*Assignment*. Once you have read the data below, print all of it exactly.

*Data extract*.
definition (in group) finite_index_in :: "'a set \<Rightarrow> 'a set \<Rightarrow> bool" where
  "finite_index_in H K \<longleftrightarrow> (\<exists>T \<subseteq> carrier G. finite T \<and> K \<subseteq> (\<Union>t\<in>T. t <#\<^bsub>G\<^esub> H))"

lemma (in group) finite_index_in_trans:
  assumes H: "H \<subseteq> carrier G" and "finite_index_in H K" "finite_index_in K L"
  shows "finite_index_in H L"
proof -
  obtain S where S: "S \<subseteq> carrier G" "finite S" "K \<subseteq> (\<Union>s\<in>S. s <#\<^bsub>G\<^esub> H)"
    using assms(2) unfolding finite_index_in_def by blast
  obtain T where T: "T \<subseteq> carrier G" "finite T" "L \<subseteq> (\<Union>t\<in>T. t <#\<^bsub>G\<^esub> K)"
    using assms(3) unfolding finite_index_in_def by blast
  have "L \<subseteq> (\<Union>u\<in>(\<lambda>(t, s). t \<otimes> s) ` (T \<times> S). u <#\<^bsub>G\<^esub> H)"
  proof
    fix x assume "x \<in> L"
    then obtain t k where tk: "t \<in> T" "k \<in> K" "x = t \<otimes> k"
      using T(3) unfolding l_coset_def by blast
    moreover obtain s h where sh: "s \<in> S" "h \<in> H" "k = s \<otimes> h"
      using S(3) \<open>k \<in> K\<close> unfolding l_coset_def by blast
    ultimately have "x \<in> (t \<otimes> s) <#\<^bsub>G\<^esub> H"
      using S(1) T(1) H unfolding l_coset_def by (force simp: m_assoc)
    then show "x \<in> (\<Union>u\<in>(\<lambda>(t, s). t \<otimes> s) ` (T \<times> S). u <#\<^bsub>G\<^esub> H)"
      using tk(1) sh(1) by force
  qed
  then show ?thesis
    unfolding finite_index_in_def using S T
    by (intro exI[of _ "(\<lambda>(t, s). t \<otimes> s) ` (T \<times> S)"]) auto
qed

lemma (in group) finite_index_in_carrier_if_finite_rcosets:
  assumes H: "subgroup H G" and fin: "finite (rcosets H)"
  shows "finite_index_in H (carrier G)"
proof -
  have "rcosets H \<subseteq> (\<lambda>c. H #> c) ` carrier G"
    by (auto simp: RCOSETS_def)
  from finite_subset_image[OF fin this]
  obtain C where C: "C \<subseteq> carrier G" "finite C" "rcosets H = (\<lambda>c. H #> c) ` C"
    by blast
  have "x \<in> (\<Union>c\<in>C. inv c <#\<^bsub>G\<^esub> H)" if x: "x \<in> carrier G" for x
  proof -
    have "H #> inv x \<in> rcosets H"
      using x H by (simp add: rcosetsI subgroup.subset)
    then obtain c where c: "c \<in> C" "H #> inv x = H #> c"
      using C(3) by auto
    then have "inv x \<otimes> inv c \<in> H"
      using x H C(1) rcos_self[of "inv x" H] subgroup.rcos_module_imp[OF H is_group]
      by (metis inv_closed subsetD)
    then have "inv (inv x \<otimes> inv c) \<in> H"
      by (rule subgroup.m_inv_closed[OF H])
    then have "inv (inv c) \<otimes> x \<in> H"
      using x c(1) C(1) by (auto simp: inv_mult_group)
    then have "x \<in> inv c <#\<^bsub>G\<^esub> H"
      using x c(1) C(1) by (intro subgroup.lcos_module_rev[OF H is_group]) auto
    then show ?thesis using c(1) by blast
  qed
  then show ?thesis
    unfolding finite_index_in_def using C by (intro exI[of _ "m_inv G ` C"]) auto
qed

lemma (in group) finite_index_in_if_bounded_transversals:
  assumes H: "subgroup H G" and K: "K \<subseteq> carrier G"
    and bound: "\<And>T. finite T \<Longrightarrow> T \<subseteq> K \<Longrightarrow> inj_on (\<lambda>t. t <#\<^bsub>G\<^esub> H) T \<Longrightarrow> card T \<le> n"
  shows "finite_index_in H K"
proof -
  let ?transversal = "\<lambda>T. finite T \<and> T \<subseteq> K \<and> inj_on (\<lambda>t. t <#\<^bsub>G\<^esub> H) T"
  obtain T where T: "?transversal T" and max: "\<And>T'. ?transversal T' \<Longrightarrow> card T' \<le> card T"
    using ex_has_greatest_nat[of ?transversal "{}" card "Suc n"] bound
    by (force simp: less_Suc_eq_le)
  have "x \<in> (\<Union>t\<in>T. t <#\<^bsub>G\<^esub> H)" if x: "x \<in> K" for x
  proof (rule ccontr)
    assume x_new: "x \<notin> (\<Union>t\<in>T. t <#\<^bsub>G\<^esub> H)"
    have "x \<in> x <#\<^bsub>G\<^esub> H" using x K H by (auto intro: lcos_self)
    then have "x <#\<^bsub>G\<^esub> H \<notin> (\<lambda>t. t <#\<^bsub>G\<^esub> H) ` T" using x_new by auto
    moreover have "x \<notin> T" using x_new T K H lcos_self by blast
    ultimately have "?transversal (insert x T)" using T x by auto
    then have "card (insert x T) \<le> card T" by (rule max)
    then show False using \<open>x \<notin> T\<close> T by simp
  qed
  then show ?thesis unfolding finite_index_in_def using T K by blast
qed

*Problem solution*.
definition (in group) finite_index_in :: "'a set \<Rightarrow> 'a set \<Rightarrow> bool" where
  "finite_index_in H K \<longleftrightarrow> (\<exists>T \<subseteq> carrier G. finite T \<and> K \<subseteq> (\<Union>t\<in>T. t <#\<^bsub>G\<^esub> H))"

lemma (in group) finite_index_in_trans:
  assumes H: "H \<subseteq> carrier G" and "finite_index_in H K" "finite_index_in K L"
  shows "finite_index_in H L"
proof -
  obtain S where S: "S \<subseteq> carrier G" "finite S" "K \<subseteq> (\<Union>s\<in>S. s <#\<^bsub>G\<^esub> H)"
    using assms(2) unfolding finite_index_in_def by blast
  obtain T where T: "T \<subseteq> carrier G" "finite T" "L \<subseteq> (\<Union>t\<in>T. t <#\<^bsub>G\<^esub> K)"
    using assms(3) unfolding finite_index_in_def by blast
  have "L \<subseteq> (\<Union>u\<in>(\<lambda>(t, s). t \<otimes> s) ` (T \<times> S). u <#\<^bsub>G\<^esub> H)"
  proof
    fix x assume "x \<in> L"
    then obtain t k where tk: "t \<in> T" "k \<in> K" "x = t \<otimes> k"
      using T(3) unfolding l_coset_def by blast
    moreover obtain s h where sh: "s \<in> S" "h \<in> H" "k = s \<otimes> h"
      using S(3) \<open>k \<in> K\<close> unfolding l_coset_def by blast
    ultimately have "x \<in> (t \<otimes> s) <#\<^bsub>G\<^esub> H"
      using S(1) T(1) H unfolding l_coset_def by (force simp: m_assoc)
    then show "x \<in> (\<Union>u\<in>(\<lambda>(t, s). t \<otimes> s) ` (T \<times> S). u <#\<^bsub>G\<^esub> H)"
      using tk(1) sh(1) by force
  qed
  then show ?thesis
    unfolding finite_index_in_def using S T
    by (intro exI[of _ "(\<lambda>(t, s). t \<otimes> s) ` (T \<times> S)"]) auto
qed

lemma (in group) finite_index_in_carrier_if_finite_rcosets:
  assumes H: "subgroup H G" and fin: "finite (rcosets H)"
  shows "finite_index_in H (carrier G)"
proof -
  have "rcosets H \<subseteq> (\<lambda>c. H #> c) ` carrier G"
    by (auto simp: RCOSETS_def)
  from finite_subset_image[OF fin this]
  obtain C where C: "C \<subseteq> carrier G" "finite C" "rcosets H = (\<lambda>c. H #> c) ` C"
    by blast
  have "x \<in> (\<Union>c\<in>C. inv c <#\<^bsub>G\<^esub> H)" if x: "x \<in> carrier G" for x
  proof -
    have "H #> inv x \<in> rcosets H"
      using x H by (simp add: rcosetsI subgroup.subset)
    then obtain c where c: "c \<in> C" "H #> inv x = H #> c"
      using C(3) by auto
    then have "inv x \<otimes> inv c \<in> H"
      using x H C(1) rcos_self[of "inv x" H] subgroup.rcos_module_imp[OF H is_group]
      by (metis inv_closed subsetD)
    then have "inv (inv x \<otimes> inv c) \<in> H"
      by (rule subgroup.m_inv_closed[OF H])
    then have "inv (inv c) \<otimes> x \<in> H"
      using x c(1) C(1) by (auto simp: inv_mult_group)
    then have "x \<in> inv c <#\<^bsub>G\<^esub> H"
      using x c(1) C(1) by (intro subgroup.lcos_module_rev[OF H is_group]) auto
    then show ?thesis using c(1) by blast
  qed
  then show ?thesis
    unfolding finite_index_in_def using C by (intro exI[of _ "m_inv G ` C"]) auto
qed

lemma (in group) finite_index_in_if_bounded_transversals:
  assumes H: "subgroup H G" and K: "K \<subseteq> carrier G"
    and bound: "\<And>T. finite T \<Longrightarrow> T \<subseteq> K \<Longrightarrow> inj_on (\<lambda>t. t <#\<^bsub>G\<^esub> H) T \<Longrightarrow> card T \<le> n"
  shows "finite_index_in H K"
proof -
  let ?transversal = "\<lambda>T. finite T \<and> T \<subseteq> K \<and> inj_on (\<lambda>t. t <#\<^bsub>G\<^esub> H) T"
  obtain T where T: "?transversal T" and max: "\<And>T'. ?transversal T' \<Longrightarrow> card T' \<le> card T"
    using ex_has_greatest_nat[of ?transversal "{}" card "Suc n"] bound
    by (force simp: less_Suc_eq_le)
  have "x \<in> (\<Union>t\<in>T. t <#\<^bsub>G\<^esub> H)" if x: "x \<in> K" for x
  proof (rule ccontr)
    assume x_new: "x \<notin> (\<Union>t\<in>T. t <#\<^bsub>G\<^esub> H)"
    have "x \<in> x <#\<^bsub>G\<^esub> H" using x K H by (auto intro: lcos_self)
    then have "x <#\<^bsub>G\<^esub> H \<notin> (\<lambda>t. t <#\<^bsub>G\<^esub> H) ` T" using x_new by auto
    moreover have "x \<notin> T" using x_new T K H lcos_self by blast
    ultimately have "?transversal (insert x T)" using T x by auto
    then have "card (insert x T) \<le> card T" by (rule max)
    then show False using \<open>x \<notin> T\<close> T by simp
  qed
  then show ?thesis unfolding finite_index_in_def using T K by blast
qed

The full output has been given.